Start of Given data

(* Let $a$ and $b$ be relatively prime integers with $1<a<b$, let $(u,v)$ be the definitely least solution of $ax+by=1$, let $S=\langle a,b\rangle$, and let $h=\min I(S)$. Then $$I(S)=\{\,h+kb+ja : 0\le k\le |v|-1,\ 0\le j\le |u|-1\,\},$$ i.e. $I(S)=\{h,h+a,\dots,h+(|u|-1)a\}\cup\{h+b,h+b+a,\dots,h+b+(|u|-1)a\}\cup\cdots\cup\{h+(|v|-1)b,\dots,h+(|v|-1)b+(|u|-1)a\}$.
   Context: $\mathbb{N}$ is the set of nonnegative integers and $\langle a,b\rangle=\{\lambda_1a+\lambda_2b:\lambda_1,\lambda_2\in\mathbb{N}\}$. An isolated gap of a numerical semigroup $S$ is an element $x\in\mathbb{N}\setminus S$ with $x-1\in S$ and $x+1\in S$; $I(S)$ is the set of isolated gaps (it is nonempty for $S=\langle a,b\rangle$). The definitely least solution $(u,v)$ of $ax+by=1$ is the unique integer solution for which both $|u|$ and $|v|$ are as small as possible; equivalently the solution with $|u|\le b/2$ and $|v|\le a/2$. *)

theory Defs
  imports Main
begin

definition semigroup2 :: "nat \<Rightarrow> nat \<Rightarrow> nat set" where
  "semigroup2 a b = {l1 * a + l2 * b | l1 l2. True}"

definition isolated_gaps :: "nat set \<Rightarrow> nat set" where
  "isolated_gaps S = {x. x \<notin> S \<and> x \<ge> 1 \<and> x - 1 \<in> S \<and> x + 1 \<in> S}"

definition definitely_least_sol :: "int \<Rightarrow> int \<Rightarrow> int \<Rightarrow> int \<Rightarrow> bool" where
  "definitely_least_sol a b u v \<longleftrightarrow>
     a * u + b * v = 1 \<and>
     (\<forall>x y. a * x + b * y = 1 \<longrightarrow> \<bar>u\<bar> \<le> \<bar>x\<bar> \<and> \<bar>v\<bar> \<le> \<bar>y\<bar>)"

end

theory Submission
  imports Defs
begin

text \<open>Every integer has a unique representation \<open>p a + q b\<close> with \<open>0 \<le> q < a\<close>, and it lies in
  \<open>\<langle>a,b\<rangle>\<close> iff \<open>p \<ge> 0\<close>. Since the definitely least solution has \<open>u v < 0\<close>, the number
  \<open>d = a|u| - b|v|\<close> is \<open>\<plusminus>1\<close>, and the two neighbours \<open>x \<plusminus> d\<close> of a gap \<open>x = p a + q b\<close>
  (so \<open>p < 0\<close>) are \<open>(p + |u|) a + (q - |v|) b\<close> and \<open>(p - |u|) a + (q + |v|) b\<close>. As
  \<open>|u| \<le> b/2\<close> and \<open>|v| \<le> a/2\<close>, bringing \<open>q \<mp> |v|\<close> back into \<open>[0,a)\<close> moves the first
  coefficient by at most one \<open>b\<close>, and one reads off that \<open>x\<close> is isolated exactly when
  \<open>-|u| \<le> p\<close> and \<open>a - |v| \<le> q\<close>: a \<open>|v| \<times> |u|\<close> grid with corner \<open>(a - |v|) b - |u| a\<close>.\<close>

lemma in_semigroup2_iff_nonneg:
  fixes a b :: nat and p r :: int
  assumes "coprime a b" and "0 \<le> r" and "r < int a"
  shows "p * int a + r * int b \<in> int ` semigroup2 a b \<longleftrightarrow> 0 \<le> p"
proof
  assume "0 \<le> p"
  then have "p * int a + r * int b = int (nat p * a + nat r * b)"
    using \<open>0 \<le> r\<close> by simp
  then show "p * int a + r * int b \<in> int ` semigroup2 a b"
    unfolding semigroup2_def by blast
next
  assume "p * int a + r * int b \<in> int ` semigroup2 a b"
  then obtain l1 l2 :: nat where "p * int a + r * int b = int l1 * int a + int l2 * int b"
    unfolding semigroup2_def by auto
  then have swap: "(p - int l1) * int a = (int l2 - r) * int b"
    by (simp add: algebra_simps)
  then have "int a dvd (int l2 - r) * int b"
    by (metis dvd_triv_right)
  then have "int a dvd r - int l2"
    using \<open>coprime a b\<close> by (simp add: coprime_dvd_mult_left_iff dvd_diff_commute)
  then have "0 \<le> int l2 - r"
    using zdvd_imp_le[of "int a" "r - int l2"] \<open>r < int a\<close> by linarith
  then have "0 \<le> (p - int l1) * int a"
    using swap by simp
  then show "0 \<le> p"
    using \<open>r < int a\<close> \<open>0 \<le> r\<close> by (simp add: zero_le_mult_iff)
qed

lemma in_semigroup2_iff:
  fixes a b :: nat and p q :: int
  assumes "coprime a b" and "0 < a"
  shows "p * int a + q * int b \<in> int ` semigroup2 a b \<longleftrightarrow> 0 \<le> p + (q div int a) * int b"
proof -
  define d r where "d = q div int a" and "r = q mod int a"
  have "q = d * int a + r"
    unfolding d_def r_def by simp
  then have "p * int a + q * int b = (p + d * int b) * int a + r * int b"
    by (simp add: algebra_simps)
  then show ?thesis
    unfolding d_def r_def
    using in_semigroup2_iff_nonneg[OF \<open>coprime a b\<close>] \<open>0 < a\<close> by simp
qed

lemma lincomb_repr_coeff_bounded:
  fixes a b :: nat and n :: int
  assumes "coprime a b" and "0 < a"
  obtains p q where "n = p * int a + q * int b" and "0 \<le> q" and "q < int a"
proof -
  obtain s t where "s * int a + t * int b = 1"
    using bezout_int[of "int a" "int b"] \<open>coprime a b\<close> by auto
  define d r where "d = n * t div int a" and "r = n * t mod int a"
  have nt: "n * t = d * int a + r"
    unfolding d_def r_def by simp
  have "n = n * (s * int a + t * int b)"
    using \<open>s * int a + t * int b = 1\<close> by simp
  also have "\<dots> = n * s * int a + (n * t) * int b"
    by (simp add: algebra_simps)
  also have "\<dots> = (n * s + d * int b) * int a + r * int b"
    unfolding nt by (simp add: algebra_simps)
  finally have "n = (n * s + d * int b) * int a + r * int b" .
  moreover have "0 \<le> r" and "r < int a"
    unfolding r_def using \<open>0 < a\<close> by simp_all
  ultimately show thesis
    using that by blast
qed

lemma isolated_gaps_iff_int:
  "x \<in> isolated_gaps S \<longleftrightarrow>
     int x \<notin> int ` S \<and> int x - 1 \<in> int ` S \<and> int x + 1 \<in> int ` S"
proof (cases x)
  case 0
  then show ?thesis
    by (auto simp: isolated_gaps_def)
next
  case (Suc m)
  then have minus: "int x - 1 = int (x - 1)" and plus: "int x + 1 = int (x + 1)"
    by simp_all
  have mem: "\<And>n. int n \<in> int ` S \<longleftrightarrow> n \<in> S"
    by (simp add: inj_image_mem_iff)
  show ?thesis
    unfolding isolated_gaps_def minus plus mem using Suc by simp
qed

lemma neighbour_coeffs_nonneg_iff:
  fixes a b p q U V :: int
  assumes "p < 0" and "0 \<le> q" and "q < a" and "0 \<le> U" and "2 * U \<le> b"
    and "0 \<le> V" and "2 * V \<le> a"
  shows "0 \<le> p + U + (q - V) div a * b \<and> 0 \<le> p - U + (q + V) div a * b
    \<longleftrightarrow> - U \<le> p \<and> a - V \<le> q"
proof -
  have below: "(q - V) div a = (if V \<le> q then 0 else - 1)"
  proof (cases "V \<le> q")
    case False
    then have "(q - V + a) div a = 0"
      using assms by simp
    moreover have "(q - V + a) div a = (q - V) div a + 1"
      using assms by (intro div_add_self2) simp
    ultimately show ?thesis
      using False by simp
  qed (use assms in simp)
  have above: "(q + V) div a = (if q + V < a then 0 else 1)"
  proof (cases "q + V < a")
    case False
    then have "(q + V - a) div a = 0"
      using assms by simp
    moreover have "(q + V - a + a) div a = (q + V - a) div a + 1"
      using assms by (intro div_add_self2) simp
    ultimately show ?thesis
      using False by simp
  qed (use assms in simp)
  show ?thesis
    unfolding below above using assms by auto
qed

lemma isolated_gap_iff_coeffs:
  fixes a b x :: nat and p q U V :: int
  assumes "coprime a b" and "0 < a"
    and "0 \<le> U" and "2 * U \<le> int b" and "0 \<le> V" and "2 * V \<le> int a"
    and unimodular: "\<bar>int a * U - int b * V\<bar> = 1"
    and repr: "int x = p * int a + q * int b" and "0 \<le> q" and "q < int a"
  shows "x \<in> isolated_gaps (semigroup2 a b) \<longleftrightarrow> - U \<le> p \<and> p < 0 \<and> int a - V \<le> q"
proof -
  let ?S = "int ` semigroup2 a b"
  define d where "d = int a * U - int b * V"
  have "d = 1 \<or> d = - 1"
    using unimodular unfolding d_def by linarith
  then have neighbours: "int x - 1 \<in> ?S \<and> int x + 1 \<in> ?S \<longleftrightarrow> int x + d \<in> ?S \<and> int x - d \<in> ?S"
    by auto
  have "int x + d = (p + U) * int a + (q - V) * int b"
    and "int x - d = (p - U) * int a + (q + V) * int b"
    unfolding repr d_def by (simp_all add: algebra_simps)
  then have "int x + d \<in> ?S \<and> int x - d \<in> ?S \<longleftrightarrow> - U \<le> p \<and> int a - V \<le> q" if "p < 0"
    using neighbour_coeffs_nonneg_iff[of p q "int a" U "int b" V] that assms
    by (simp add: in_semigroup2_iff)
  moreover have "int x \<notin> ?S \<longleftrightarrow> p < 0"
    unfolding repr using in_semigroup2_iff_nonneg assms by (simp add: not_le)
  ultimately show ?thesis
    unfolding isolated_gaps_iff_int[of x] neighbours by auto
qed

lemma isolated_gaps_semigroup2_eq_grid:
  fixes a b :: nat and U V :: int
  assumes "coprime a b" and "0 < a"
    and "0 \<le> U" and "2 * U \<le> int b" and "0 \<le> V" and "2 * V \<le> int a"
    and "\<bar>int a * U - int b * V\<bar> = 1"
  shows "isolated_gaps (semigroup2 a b) =
    {nat (int b * (int a - V) - int a * U) + k * b + j * a | k j. k < nat V \<and> j < nat U}"
    (is "_ = {?h + k * b + j * a | k j. _}")
proof -
  note gap_iff = isolated_gap_iff_coeffs[OF assms]
  have "int a * (2 * U) \<le> int a * int b"
    using assms by (intro mult_left_mono) simp_all
  moreover have "int b * int a \<le> int b * (2 * (int a - V))"
    using assms by (intro mult_left_mono) simp_all
  ultimately have h: "int ?h = int b * (int a - V) - int a * U"
    by (simp add: algebra_simps)
  show ?thesis
  proof (intro set_eqI iffI)
    fix x
    assume gap: "x \<in> isolated_gaps (semigroup2 a b)"
    obtain p q where repr: "int x = p * int a + q * int b" and "0 \<le> q" and "q < int a"
      using lincomb_repr_coeff_bounded assms by blast
    with gap have bounds: "- U \<le> p" "p < 0" "int a - V \<le> q"
      using gap_iff by blast+
    define k j where "k = nat (q - (int a - V))" and "j = nat (p + U)"
    have "int x = int (?h + k * b + j * a)"
      unfolding repr k_def j_def using bounds h by (simp add: algebra_simps)
    moreover have "k < nat V" and "j < nat U"
      unfolding k_def j_def using bounds \<open>q < int a\<close> by simp_all
    ultimately show "x \<in> {?h + k * b + j * a | k j. k < nat V \<and> j < nat U}"
      by (intro CollectI exI conjI) (simp_all only: of_nat_eq_iff)
  next
    fix x
    assume "x \<in> {?h + k * b + j * a | k j. k < nat V \<and> j < nat U}"
    then obtain k j where x: "x = ?h + k * b + j * a" and "k < nat V" and "j < nat U"
      by blast
    have "int x = (int j - U) * int a + (int a - V + int k) * int b"
      unfolding x using h by (simp add: algebra_simps)
    then show "x \<in> isolated_gaps (semigroup2 a b)"
      using gap_iff \<open>k < nat V\<close> \<open>j < nat U\<close> assms by simp
  qed
qed

lemma Min_grid:
  fixes h a b m n :: nat
  assumes "0 < m" and "0 < n"
  shows "Min {h + k * b + j * a | k j. k < m \<and> j < n} = h"
proof (rule Min_eqI)
  show "finite {h + k * b + j * a | k j. k < m \<and> j < n}"
    by (rule finite_image_set2) simp_all
  show "h \<in> {h + k * b + j * a | k j. k < m \<and> j < n}"
    using assms by force
qed auto

lemma definitely_least_sol_abs_le_half:
  fixes A B u v :: int
  assumes "definitely_least_sol A B u v" and "0 < A" and "0 < B"
  shows "2 * \<bar>u\<bar> \<le> B" and "2 * \<bar>v\<bar> \<le> A"
proof -
  have sol: "A * u + B * v = 1"
    and least: "\<And>x y. A * x + B * y = 1 \<Longrightarrow> \<bar>u\<bar> \<le> \<bar>x\<bar> \<and> \<bar>v\<bar> \<le> \<bar>y\<bar>"
    using assms(1) unfolding definitely_least_sol_def by blast+
  have "A * (u - B) + B * (v + A) = 1" and "A * (u + B) + B * (v - A) = 1"
    using sol by (simp_all add: algebra_simps)
  then have "\<bar>u\<bar> \<le> \<bar>u - B\<bar>" "\<bar>u\<bar> \<le> \<bar>u + B\<bar>" "\<bar>v\<bar> \<le> \<bar>v + A\<bar>" "\<bar>v\<bar> \<le> \<bar>v - A\<bar>"
    using least by blast+
  then show "2 * \<bar>u\<bar> \<le> B" and "2 * \<bar>v\<bar> \<le> A"
    using assms(2,3) by linarith+
qed

lemma bezout_coeffs_opposite_signs:
  fixes A B u v :: int
  assumes sol: "A * u + B * v = 1" and "1 < A" and "1 < B"
  shows "u * v < 0"
proof -
  have "u \<noteq> 0"
    using sol \<open>1 < B\<close> pos_zmult_eq_1_iff[of B v] by auto
  moreover have "v \<noteq> 0"
    using sol \<open>1 < A\<close> pos_zmult_eq_1_iff[of A u] by auto
  moreover have "\<not> (0 < u \<and> 0 < v)"
    using sol assms mult_mono[of 1 A 1 u] mult_mono[of 1 B 1 v] by auto
  moreover have "\<not> (u < 0 \<and> v < 0)"
    using sol assms mult_pos_neg[of A u] mult_pos_neg[of B v] by auto
  ultimately show ?thesis
    by (auto simp: mult_less_0_iff)
qed

theorem theorem4p8:
  fixes a b :: nat and u v :: int
  assumes "coprime a b" and "1 < a" and "a < b"
    and "definitely_least_sol (int a) (int b) u v"
  shows "isolated_gaps (semigroup2 a b) =
    {Min (isolated_gaps (semigroup2 a b)) + k * b + j * a | k j.
       k < nat \<bar>v\<bar> \<and> j < nat \<bar>u\<bar>}"
proof -
  have sol: "int a * u + int b * v = 1"
    using assms(4) unfolding definitely_least_sol_def by blast
  have halves: "2 * \<bar>u\<bar> \<le> int b" "2 * \<bar>v\<bar> \<le> int a"
    using definitely_least_sol_abs_le_half assms by simp_all
  have "u * v < 0"
    using bezout_coeffs_opposite_signs[OF sol] assms by simp
  then have unimodular: "\<bar>int a * \<bar>u\<bar> - int b * \<bar>v\<bar>\<bar> = 1"
    and "0 < nat \<bar>u\<bar>" and "0 < nat \<bar>v\<bar>"
    using sol by (auto simp: mult_less_0_iff)
  have grid: "isolated_gaps (semigroup2 a b) =
    {nat (int b * (int a - \<bar>v\<bar>) - int a * \<bar>u\<bar>) + k * b + j * a | k j.
       k < nat \<bar>v\<bar> \<and> j < nat \<bar>u\<bar>}"
    using isolated_gaps_semigroup2_eq_grid[OF _ _ _ halves(1) _ halves(2) unimodular] assms
    by simp
  show ?thesis
    unfolding grid Min_grid[OF \<open>0 < nat \<bar>v\<bar>\<close> \<open>0 < nat \<bar>u\<bar>\<close>] ..
qed

end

End of Given data

■ **Work to complete**
Output the lines above exactly, but only those between the line holding "(p - U) * int" and the line holding "obtain p q where", inclusive.

■ **Answer**
    and "int x - d = (p - U) * int a + (q + V) * int b"
    unfolding repr d_def by (simp_all add: algebra_simps)
  then have "int x + d \<in> ?S \<and> int x - d \<in> ?S \<longleftrightarrow> - U \<le> p \<and> int a - V \<le> q" if "p < 0"
    using neighbour_coeffs_nonneg_iff[of p q "int a" U "int b" V] that assms
    by (simp add: in_semigroup2_iff)
  moreover have "int x \<notin> ?S \<longleftrightarrow> p < 0"
    unfolding repr using in_semigroup2_iff_nonneg assms by (simp add: not_le)
  ultimately show ?thesis
    unfolding isolated_gaps_iff_int[of x] neighbours by auto
qed

lemma isolated_gaps_semigroup2_eq_grid:
  fixes a b :: nat and U V :: int
  assumes "coprime a b" and "0 < a"
    and "0 \<le> U" and "2 * U \<le> int b" and "0 \<le> V" and "2 * V \<le> int a"
    and "\<bar>int a * U - int b * V\<bar> = 1"
  shows "isolated_gaps (semigroup2 a b) =
    {nat (int b * (int a - V) - int a * U) + k * b + j * a | k j. k < nat V \<and> j < nat U}"
    (is "_ = {?h + k * b + j * a | k j. _}")
proof -
  note gap_iff = isolated_gap_iff_coeffs[OF assms]
  have "int a * (2 * U) \<le> int a * int b"
    using assms by (intro mult_left_mono) simp_all
  moreover have "int b * int a \<le> int b * (2 * (int a - V))"
    using assms by (intro mult_left_mono) simp_all
  ultimately have h: "int ?h = int b * (int a - V) - int a * U"
    by (simp add: algebra_simps)
  show ?thesis
  proof (intro set_eqI iffI)
    fix x
    assume gap: "x \<in> isolated_gaps (semigroup2 a b)"
    obtain p q where repr: "int x = p * int a + q * int b" and "0 \<le> q" and "q < int a"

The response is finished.